> [Task brief]:
Lines from the records below that contain the word "shows" are to be copied out.

═══ Data listing

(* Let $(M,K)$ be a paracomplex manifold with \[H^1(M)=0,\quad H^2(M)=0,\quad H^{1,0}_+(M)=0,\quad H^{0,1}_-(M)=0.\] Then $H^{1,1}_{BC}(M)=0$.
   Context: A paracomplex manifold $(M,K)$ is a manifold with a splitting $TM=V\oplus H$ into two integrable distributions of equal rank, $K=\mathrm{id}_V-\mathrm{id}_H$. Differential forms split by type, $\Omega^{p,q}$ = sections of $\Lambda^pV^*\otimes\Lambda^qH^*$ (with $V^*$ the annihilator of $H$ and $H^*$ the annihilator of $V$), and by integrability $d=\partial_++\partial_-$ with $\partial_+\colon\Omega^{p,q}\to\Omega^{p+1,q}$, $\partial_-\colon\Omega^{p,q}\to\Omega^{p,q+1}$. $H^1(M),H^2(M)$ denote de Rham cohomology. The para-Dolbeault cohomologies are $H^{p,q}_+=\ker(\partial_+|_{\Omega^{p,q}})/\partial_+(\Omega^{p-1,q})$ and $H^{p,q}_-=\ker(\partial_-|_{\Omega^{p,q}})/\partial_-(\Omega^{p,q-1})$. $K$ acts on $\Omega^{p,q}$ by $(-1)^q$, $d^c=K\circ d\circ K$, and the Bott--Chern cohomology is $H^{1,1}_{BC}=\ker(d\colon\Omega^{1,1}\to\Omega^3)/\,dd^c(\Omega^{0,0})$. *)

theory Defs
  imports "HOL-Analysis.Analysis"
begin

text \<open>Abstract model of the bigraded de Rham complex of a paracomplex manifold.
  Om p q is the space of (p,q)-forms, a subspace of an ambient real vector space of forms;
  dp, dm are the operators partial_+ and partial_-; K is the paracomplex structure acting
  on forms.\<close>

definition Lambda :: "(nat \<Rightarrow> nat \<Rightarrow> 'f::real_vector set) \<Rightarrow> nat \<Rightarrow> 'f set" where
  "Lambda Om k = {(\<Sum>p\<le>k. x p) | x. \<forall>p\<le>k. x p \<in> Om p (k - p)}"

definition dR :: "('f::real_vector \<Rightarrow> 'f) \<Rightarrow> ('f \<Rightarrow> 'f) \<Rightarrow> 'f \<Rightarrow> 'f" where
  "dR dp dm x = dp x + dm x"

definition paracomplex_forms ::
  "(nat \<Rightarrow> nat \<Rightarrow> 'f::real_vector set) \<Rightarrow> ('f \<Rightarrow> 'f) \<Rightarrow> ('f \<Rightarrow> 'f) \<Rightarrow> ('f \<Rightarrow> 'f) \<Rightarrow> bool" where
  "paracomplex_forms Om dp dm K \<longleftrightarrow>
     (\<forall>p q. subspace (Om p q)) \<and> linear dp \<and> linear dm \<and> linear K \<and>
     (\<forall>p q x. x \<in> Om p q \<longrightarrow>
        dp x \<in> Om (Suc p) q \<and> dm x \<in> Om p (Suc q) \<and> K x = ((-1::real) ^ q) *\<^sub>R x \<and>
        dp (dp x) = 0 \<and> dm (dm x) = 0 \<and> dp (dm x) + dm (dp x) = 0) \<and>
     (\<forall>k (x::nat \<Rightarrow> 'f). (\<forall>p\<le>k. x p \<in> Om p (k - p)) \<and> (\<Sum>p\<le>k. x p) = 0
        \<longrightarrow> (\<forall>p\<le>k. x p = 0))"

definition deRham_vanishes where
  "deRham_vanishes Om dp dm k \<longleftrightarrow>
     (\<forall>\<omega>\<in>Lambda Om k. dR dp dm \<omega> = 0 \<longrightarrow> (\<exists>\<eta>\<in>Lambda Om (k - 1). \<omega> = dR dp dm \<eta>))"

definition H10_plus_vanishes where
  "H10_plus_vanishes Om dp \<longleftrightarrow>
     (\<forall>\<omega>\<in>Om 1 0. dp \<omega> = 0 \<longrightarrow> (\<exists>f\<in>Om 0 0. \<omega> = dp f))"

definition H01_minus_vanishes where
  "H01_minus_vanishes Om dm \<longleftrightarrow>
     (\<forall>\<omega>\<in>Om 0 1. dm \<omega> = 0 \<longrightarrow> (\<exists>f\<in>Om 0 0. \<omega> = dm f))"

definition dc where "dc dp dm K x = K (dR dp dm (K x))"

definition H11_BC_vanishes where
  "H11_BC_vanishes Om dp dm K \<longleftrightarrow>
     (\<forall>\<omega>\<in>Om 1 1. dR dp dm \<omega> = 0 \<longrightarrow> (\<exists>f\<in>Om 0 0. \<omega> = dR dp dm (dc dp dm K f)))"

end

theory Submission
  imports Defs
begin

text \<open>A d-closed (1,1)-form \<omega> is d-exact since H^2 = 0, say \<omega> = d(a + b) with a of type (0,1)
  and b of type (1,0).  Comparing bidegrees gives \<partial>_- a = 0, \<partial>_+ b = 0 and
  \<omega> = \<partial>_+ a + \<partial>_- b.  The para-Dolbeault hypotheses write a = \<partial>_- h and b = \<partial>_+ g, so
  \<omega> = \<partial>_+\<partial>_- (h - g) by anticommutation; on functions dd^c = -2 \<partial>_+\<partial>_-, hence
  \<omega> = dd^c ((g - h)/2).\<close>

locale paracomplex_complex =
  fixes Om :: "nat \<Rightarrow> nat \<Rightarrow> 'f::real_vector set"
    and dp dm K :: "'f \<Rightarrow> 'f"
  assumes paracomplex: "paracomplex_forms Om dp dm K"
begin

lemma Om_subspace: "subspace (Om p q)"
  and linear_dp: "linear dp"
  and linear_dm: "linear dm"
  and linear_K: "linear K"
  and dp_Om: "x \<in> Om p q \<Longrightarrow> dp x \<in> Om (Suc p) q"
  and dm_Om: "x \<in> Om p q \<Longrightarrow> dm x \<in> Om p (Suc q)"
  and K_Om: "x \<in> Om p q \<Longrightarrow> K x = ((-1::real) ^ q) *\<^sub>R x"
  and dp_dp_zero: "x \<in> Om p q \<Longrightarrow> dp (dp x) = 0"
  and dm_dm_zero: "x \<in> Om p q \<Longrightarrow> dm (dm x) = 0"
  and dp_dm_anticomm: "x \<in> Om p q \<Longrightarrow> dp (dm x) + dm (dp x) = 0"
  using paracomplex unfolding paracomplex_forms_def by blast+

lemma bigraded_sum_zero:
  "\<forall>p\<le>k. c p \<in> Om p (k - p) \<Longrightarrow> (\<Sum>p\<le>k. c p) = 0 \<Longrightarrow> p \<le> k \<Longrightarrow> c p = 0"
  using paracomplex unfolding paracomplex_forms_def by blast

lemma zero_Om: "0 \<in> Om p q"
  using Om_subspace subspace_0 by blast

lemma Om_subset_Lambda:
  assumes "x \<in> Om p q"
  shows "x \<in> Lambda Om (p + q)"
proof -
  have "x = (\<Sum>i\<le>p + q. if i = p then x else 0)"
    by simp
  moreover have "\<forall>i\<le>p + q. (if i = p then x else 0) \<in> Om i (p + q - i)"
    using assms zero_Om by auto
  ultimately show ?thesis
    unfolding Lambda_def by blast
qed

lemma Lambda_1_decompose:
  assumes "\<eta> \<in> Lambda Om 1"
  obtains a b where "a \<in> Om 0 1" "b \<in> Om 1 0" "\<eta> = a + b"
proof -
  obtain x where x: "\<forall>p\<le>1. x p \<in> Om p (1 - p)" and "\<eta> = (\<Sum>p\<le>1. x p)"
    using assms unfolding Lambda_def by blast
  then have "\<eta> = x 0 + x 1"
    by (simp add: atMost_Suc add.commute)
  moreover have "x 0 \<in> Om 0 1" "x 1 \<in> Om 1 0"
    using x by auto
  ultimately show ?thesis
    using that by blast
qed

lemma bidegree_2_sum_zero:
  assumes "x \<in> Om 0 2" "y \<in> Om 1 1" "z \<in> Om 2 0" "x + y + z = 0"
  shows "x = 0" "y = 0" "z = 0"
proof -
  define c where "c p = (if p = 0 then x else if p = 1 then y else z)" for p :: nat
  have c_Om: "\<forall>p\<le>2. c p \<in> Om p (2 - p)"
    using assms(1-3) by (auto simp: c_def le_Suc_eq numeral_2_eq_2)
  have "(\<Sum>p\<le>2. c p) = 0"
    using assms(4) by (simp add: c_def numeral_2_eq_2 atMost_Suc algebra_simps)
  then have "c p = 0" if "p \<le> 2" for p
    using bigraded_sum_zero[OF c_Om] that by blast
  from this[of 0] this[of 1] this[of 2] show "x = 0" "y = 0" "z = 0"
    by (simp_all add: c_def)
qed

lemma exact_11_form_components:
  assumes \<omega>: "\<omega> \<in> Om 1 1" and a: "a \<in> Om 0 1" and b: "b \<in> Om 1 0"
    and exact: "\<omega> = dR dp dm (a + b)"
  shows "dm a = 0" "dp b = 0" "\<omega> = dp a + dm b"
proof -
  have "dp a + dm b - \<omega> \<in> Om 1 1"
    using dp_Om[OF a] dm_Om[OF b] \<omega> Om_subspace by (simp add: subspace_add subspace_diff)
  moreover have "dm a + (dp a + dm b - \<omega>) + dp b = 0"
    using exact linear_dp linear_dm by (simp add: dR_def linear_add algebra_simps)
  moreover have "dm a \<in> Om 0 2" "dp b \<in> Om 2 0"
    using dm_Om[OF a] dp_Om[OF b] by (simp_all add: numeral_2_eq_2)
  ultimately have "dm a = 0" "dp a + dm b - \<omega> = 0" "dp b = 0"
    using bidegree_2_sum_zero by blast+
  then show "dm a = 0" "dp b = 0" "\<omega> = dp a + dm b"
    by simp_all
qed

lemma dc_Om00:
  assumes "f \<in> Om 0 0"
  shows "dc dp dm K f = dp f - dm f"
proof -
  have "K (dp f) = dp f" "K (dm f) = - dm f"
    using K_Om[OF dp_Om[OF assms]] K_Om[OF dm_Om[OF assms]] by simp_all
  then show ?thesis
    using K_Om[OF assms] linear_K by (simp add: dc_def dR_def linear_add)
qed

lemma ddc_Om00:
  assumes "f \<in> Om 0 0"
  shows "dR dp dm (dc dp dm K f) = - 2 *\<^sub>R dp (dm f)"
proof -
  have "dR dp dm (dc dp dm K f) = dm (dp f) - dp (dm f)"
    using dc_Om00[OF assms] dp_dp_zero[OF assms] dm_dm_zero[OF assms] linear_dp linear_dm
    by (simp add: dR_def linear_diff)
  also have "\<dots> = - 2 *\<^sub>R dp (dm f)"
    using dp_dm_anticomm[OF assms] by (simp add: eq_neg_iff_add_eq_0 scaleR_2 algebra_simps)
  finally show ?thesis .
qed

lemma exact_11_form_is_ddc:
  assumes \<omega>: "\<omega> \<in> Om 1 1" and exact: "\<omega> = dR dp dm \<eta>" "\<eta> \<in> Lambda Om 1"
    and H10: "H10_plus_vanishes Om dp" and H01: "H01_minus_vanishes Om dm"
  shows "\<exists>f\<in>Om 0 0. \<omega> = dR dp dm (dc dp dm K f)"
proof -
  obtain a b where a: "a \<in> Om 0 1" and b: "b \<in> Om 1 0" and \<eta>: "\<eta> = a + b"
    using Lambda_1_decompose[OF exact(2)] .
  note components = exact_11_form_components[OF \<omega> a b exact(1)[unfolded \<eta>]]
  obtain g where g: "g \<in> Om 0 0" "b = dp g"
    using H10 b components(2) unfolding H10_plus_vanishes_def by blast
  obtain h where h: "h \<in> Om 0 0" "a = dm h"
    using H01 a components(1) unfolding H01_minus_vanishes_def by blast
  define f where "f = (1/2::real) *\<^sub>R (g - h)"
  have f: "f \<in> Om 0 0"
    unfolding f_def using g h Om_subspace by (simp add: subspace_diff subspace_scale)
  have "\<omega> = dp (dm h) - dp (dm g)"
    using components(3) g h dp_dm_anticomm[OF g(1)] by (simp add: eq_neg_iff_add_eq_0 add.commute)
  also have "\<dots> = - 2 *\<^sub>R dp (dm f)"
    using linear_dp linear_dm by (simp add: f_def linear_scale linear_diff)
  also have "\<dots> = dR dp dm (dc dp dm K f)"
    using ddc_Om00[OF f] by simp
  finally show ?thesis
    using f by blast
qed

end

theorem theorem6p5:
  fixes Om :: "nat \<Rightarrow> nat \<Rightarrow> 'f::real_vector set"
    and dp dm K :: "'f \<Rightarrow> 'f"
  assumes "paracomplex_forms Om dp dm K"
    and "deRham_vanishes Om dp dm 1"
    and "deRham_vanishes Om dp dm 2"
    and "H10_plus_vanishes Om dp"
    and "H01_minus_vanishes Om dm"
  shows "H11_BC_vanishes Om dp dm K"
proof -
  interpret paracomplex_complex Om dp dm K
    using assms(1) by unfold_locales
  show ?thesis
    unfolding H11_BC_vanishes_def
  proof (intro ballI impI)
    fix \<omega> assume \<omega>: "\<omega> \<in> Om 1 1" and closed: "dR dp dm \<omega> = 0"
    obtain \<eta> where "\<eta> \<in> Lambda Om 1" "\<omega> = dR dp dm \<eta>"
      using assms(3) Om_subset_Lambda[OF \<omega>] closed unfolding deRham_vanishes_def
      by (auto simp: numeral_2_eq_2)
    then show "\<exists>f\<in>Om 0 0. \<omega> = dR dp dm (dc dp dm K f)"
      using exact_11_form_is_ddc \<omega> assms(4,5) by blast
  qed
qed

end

══════

> [Reply]:
  shows "x \<in> Lambda Om (p + q)"
  shows "x = 0" "y = 0" "z = 0"
  shows "dm a = 0" "dp b = 0" "\<omega> = dp a + dm b"
  shows "dc dp dm K f = dp f - dm f"
  shows "dR dp dm (dc dp dm K f) = - 2 *\<^sub>R dp (dm f)"
  shows "\<exists>f\<in>Om 0 0. \<omega> = dR dp dm (dc dp dm K f)"
  shows "H11_BC_vanishes Om dp dm K"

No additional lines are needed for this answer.